The sale of the ongoing business or the liquidation of its assets is always an alternative that may exist before or during the bankruptcy process. Before the bankruptcy process, the sale of the ongoing business or its individual assets has advantages and disadvantages, but most importantly, it is under the control of the debtor to find the best offer. The going concern can be sold or liquidated within a bankruptcy proceeding, but there are different alternatives.

 

Under Chapter 7 of the Bankruptcy Code, the sale or liquidation process is carried out under the control of the trustee. However, a liquidation or sale of the business can be carried out under Chapter 11, where the debtor has considerable control over the process, but requires the approval of the creditors and the Bankruptcy Court.

 

It is important that this process of selling or liquidating the business be attempted before filing for bankruptcy, so that it can be carried out without any limitations. In addition, under bankruptcy, there may be a second chance to achieve the objectives of liquidation or sale.

If, by taking strategic measures and improving payment terms, the business is viable, the debtor may choose to restructure under Chapter 11. If the business is not viable, but the debtor believes that with the protection of the Bankruptcy Court, the assets can be sold at a better price and the liquidation process will be more successful, then liquidation under Chapter 11 is also an option. Therefore, it is essential to know where the company stands in terms of viability in order to determine how to proceed with liquidation.

 

Liquidation under Chapter 11 allows the debtor to maximize the proceeds from the sale of the going concern or individual assets. When it comes to the sale of a going concern, the price may improve, as the stay under section 362 of the Bankruptcy Code provides a respite for the business to take important steps to make it much more attractive to a buyer.

 

Similarly, under Chapter 11, this stay gives the debtor room to take much broader steps to sell individual assets that also maximize revenue to pay off debts.
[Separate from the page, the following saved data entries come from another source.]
lemma dominating_split_closed:
  assumes "\<And>a b. E a b \<Longrightarrow> a \<in> C \<longleftrightarrow> b \<in> C"
  shows "dominating V E D \<longleftrightarrow> dominating (V \<inter> C) E (D \<inter> C) \<and> dominating (V - C) E (D - C)"
  using assms unfolding dominating_def by (auto 0 3)

locale fin_graph =
  fixes V :: "'a set" and E :: "'a \<Rightarrow> 'a \<Rightarrow> bool"
  assumes graph: "graph V E"
begin

lemma finite_V: "finite V"
  using graph by (simp add: graph_def)

lemma adj_sym: "E x y \<Longrightarrow> E y x"
  using graph by (simp add: graph_def)

lemma adj_in_V: "E x y \<Longrightarrow> x \<in> V" "E x y \<Longrightarrow> y \<in> V"
  using graph by (simp_all add: graph_def)

lemma adj_irrefl: "E x y \<Longrightarrow> x \<noteq> y"
  using graph by (simp add: graph_def)

abbreviation "\<gamma> \<equiv> gamma V E"
abbreviation "gs \<equiv> gamma_set V E"
abbreviation "dom_del v \<equiv> dominating (V - {v}) (del_vertex_edges E v)"
abbreviation "\<gamma>_del v \<equiv> gamma (V - {v}) (del_vertex_edges E v)"
abbreviation "gs_del v \<equiv> gamma_set (V - {v}) (del_vertex_edges E v)"
abbreviation "critical v \<equiv> gamma_critical V E v"

lemma gamma_le: "dominating V E D \<Longrightarrow> \<gamma> \<le> card D"
  using gamma_le_card finite_V by blast

lemma gamma_del_le: "dom_del v D \<Longrightarrow> \<gamma>_del v \<le> card D"
  using gamma_le_card finite_V by blast

lemma gamma_set_del_exists: "\<exists>T. gs_del v T"
  using gamma_set_exists finite_V by blast

lemma gamma_set_subset: "gs D \<Longrightarrow> D \<subseteq> V"
  unfolding gamma_set_def dominating_def by blast

lemma gamma_set_finite: "gs D \<Longrightarrow> finite D"
  using gamma_set_subset finite_V finite_subset by blast

lemma gamma_set_card: "gs D \<Longrightarrow> card D = \<gamma>"
  by (simp add: gamma_set_def)

lemma gamma_le_gamma_del_Suc:
  assumes "v \<in> V"
  shows "\<gamma> \<le> \<gamma>_del v + 1"
proof -
  obtain A where A: "gs_del v A" using gamma_set_del_exists by blast
  have "dominating V E (insert v A)"
    using A assms unfolding gamma_set_def dominating_def del_vertex_edges_def by blast
  then have "\<gamma> \<le> card (insert v A)" by (rule gamma_le)
  also have "\<dots> \<le> card A + 1" by (simp add: card_insert_le_m1)
  finally show ?thesis using A by (simp add: gamma_set_def)
qed

lemma not_critical_iff: "\<not> critical v \<longleftrightarrow> \<gamma> \<le> \<gamma>_del v"
  by (auto simp: gamma_critical_def)

lemma gamma_set_del_if_not_critical:
  "\<not> critical v \<Longrightarrow> dom_del v A \<Longrightarrow> card A = \<gamma> \<Longrightarrow> gs_del v A"
  using gamma_del_le[of v A] not_critical_iff[of v] by (simp add: gamma_set_def)

lemma gamma_set_del_if_avoiding:
  "\<not> critical v \<Longrightarrow> gs D \<Longrightarrow> v \<notin> D \<Longrightarrow> gs_del v D"
  using gamma_set_del_if_not_critical dominating_del_vertex unfolding gamma_set_def by metis

text \<open>Criticality makes \<open>T\<close> one vertex short of a \<open>\<gamma>\<close>-set, so \<open>T\<close> cannot dominate \<open>v\<close>.\<close>

lemma critical_gamma_set_del:
  assumes "v \<in> V" "critical v" "gs_del v T"
  shows "v \<notin> T" "\<And>t. t \<in> T \<Longrightarrow> \<not> E v t"
    and "\<And>z. z = v \<or> E v z \<Longrightarrow> gs (insert z T)"
proof -
  have sub: "T \<subseteq> V - {v}" using assms(3) by (simp add: gamma_set_def dominating_def)
  have fin: "finite T" using sub finite_V finite_subset by blast
  have card_T: "card T = \<gamma> - 1" "\<gamma> \<ge> 1"
    using assms gamma_le_gamma_del_Suc[OF assms(1)] by (auto simp: gamma_set_def gamma_critical_def)
  show "v \<notin> T" using sub by blast
  show no_nbr: "\<not> E v t" if "t \<in> T" for t
  proof
    assume "E v t"
    then have "dominating V E T" using assms(3) sub \<open>t \<in> T\<close>
      unfolding gamma_set_def dominating_def del_vertex_edges_def by blast
    then show False using gamma_le card_T by fastforce
  qed
  fix z assume z: "z = v \<or> E v z"
  then have "z \<in> V" "z \<notin> T" using assms(1) adj_in_V sub no_nbr by blast+
  moreover have "dominating V E (insert z T)"
    using assms(3) sub z \<open>z \<in> V\<close> unfolding gamma_set_def dominating_def del_vertex_edges_def by blast
  ultimately show "gs (insert z T)" using fin card_T by (simp add: gamma_set_def)
qed

lemma no_gamma_set_contains_leaf_and_support:
  assumes "gs D" "x \<in> D" "v \<in> D" "E x v" "\<And>w. E x w \<Longrightarrow> w = v"
  shows False
proof -
  have "dominating V E (D - {x})"
    using assms adj_irrefl[OF assms(4)] adj_sym unfolding gamma_set_def dominating_def
    by (metis DiffD1 DiffD2 DiffI insertI1 singleton_iff subset_iff)
  then have "\<gamma> \<le> card (D - {x})" by (rule gamma_le)
  then show False using assms(1,2) gamma_set_card gamma_set_finite card_Diff1_less by fastforce
qed

definition private_nbr :: "'a set \<Rightarrow> 'a \<Rightarrow> 'a \<Rightarrow> bool" where
  "private_nbr D v y \<longleftrightarrow> y \<in> V - D \<and> E y v \<and> (\<forall>d\<in>D. E y d \<longrightarrow> d = v)"

lemma dominating_del_add_private_nbrs:
  assumes "dominating V E D" "X \<subseteq> V - {v}" "\<And>y. private_nbr D v y \<Longrightarrow> y \<in> X"
  shows "dom_del v (X \<union> (D - {v}))"
  unfolding dominating_def[of "V - {v}"]
proof (intro conjI ballI)
  show "X \<union> (D - {v}) \<subseteq> V - {v}" using assms(1,2) unfolding dominating_def by blast
  fix y assume y: "y \<in> V - {v} - (X \<union> (D - {v}))"
  then have "y \<in> V - D" "\<not> private_nbr D v y" using assms(3) by blast+
  then obtain u where "u \<in> D" "E y u" "u \<noteq> v"
    using assms(1) unfolding dominating_def private_nbr_def by blast
  then show "\<exists>u\<in>X \<union> (D - {v}). del_vertex_edges E v y u"
    using y unfolding del_vertex_edges_def by blast
qed

lemma gamma_set_card_Diff:
  assumes "gs D" "v \<in> D"
  shows "card (D - {v}) = \<gamma> - 1" "\<gamma> \<ge> 1"
  using assms gamma_set_card gamma_set_finite card_gt_0_iff[of D] by auto

lemma private_nbr_exists:
  assumes "\<not> critical v" "gs D" "v \<in> D"
  shows "\<exists>x. private_nbr D v x"
proof (rule ccontr)
  assume "\<nexists>x. private_nbr D v x"
  then have "dom_del v ({} \<union> (D - {v}))"
    using assms(2) by (intro dominating_del_add_private_nbrs) (auto simp: gamma_set_def)
  then have "\<gamma>_del v \<le> \<gamma> - 1" using gamma_del_le gamma_set_card_Diff[OF assms(2,3)] by fastforce
  then show False using assms(1) not_critical_iff gamma_set_card_Diff[OF assms(2,3)] by simp
qed

lemma gamma_set_del_swap:
  assumes "\<not> critical v" "gs D" "v \<in> D" "private_nbr D v x" "\<And>y. private_nbr D v y \<Longrightarrow> y = x"
  shows "gs_del v (insert x (D - {v}))"
proof (rule gamma_set_del_if_not_critical[OF assms(1)])
  have x: "x \<in> V" "x \<notin> D" using assms(4) unfolding private_nbr_def by blast+
  then have "{x} \<subseteq> V - {v}" using assms(3) by blast
  then have "dom_del v ({x} \<union> (D - {v}))"
    using assms(2,5) by (intro dominating_del_add_private_nbrs) (auto simp: gamma_set_def)
  then show "dom_del v (insert x (D - {v}))" by simp
  show "card (insert x (D - {v})) = \<gamma>"
    using x(2) gamma_set_card_Diff[OF assms(2,3)] gamma_set_finite[OF assms(2)] by simp
qed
If the business is viable, much of the restructuring process will depend on the Bankruptcy Court approving the Disclosure Memorandum and the creditors approving the Reorganization Plan. After this approval, the company must strive to comply with all the terms and conditions of the Plan in order to successfully emerge from bankruptcy.

 

If the company fails to get its Restructuring Plan approved or fails to comply with the terms and conditions of the Plan, the bankruptcy could be dismissed or the case could be converted to a Chapter 7 case, where a Trustee proceeds to liquidate the entire business or its individual assets.

 

On the other hand, any event may occur in the company that improves its financial condition, such as new business, income, cost reductions, or improvements in the overall economic situation, allowing the debtor to voluntarily withdraw from bankruptcy. In other words, even without approving a Restructuring Plan, the economic situation may improve and the debtor may request to be allowed to withdraw from bankruptcy.

 

If these improvements occur during the Plan compliance process, the debtor may use that income to accelerate compliance with the Plan or improve the repayment of its obligations to creditors.

All of these determinations or outcomes of the bankruptcy process require a final decree or approval from the Bankruptcy Court.

 

In summary, the dilemma lies in viability versus liquidation. This determination must be made in conjunction with your legal representative, certified public accountants, or financial advisors.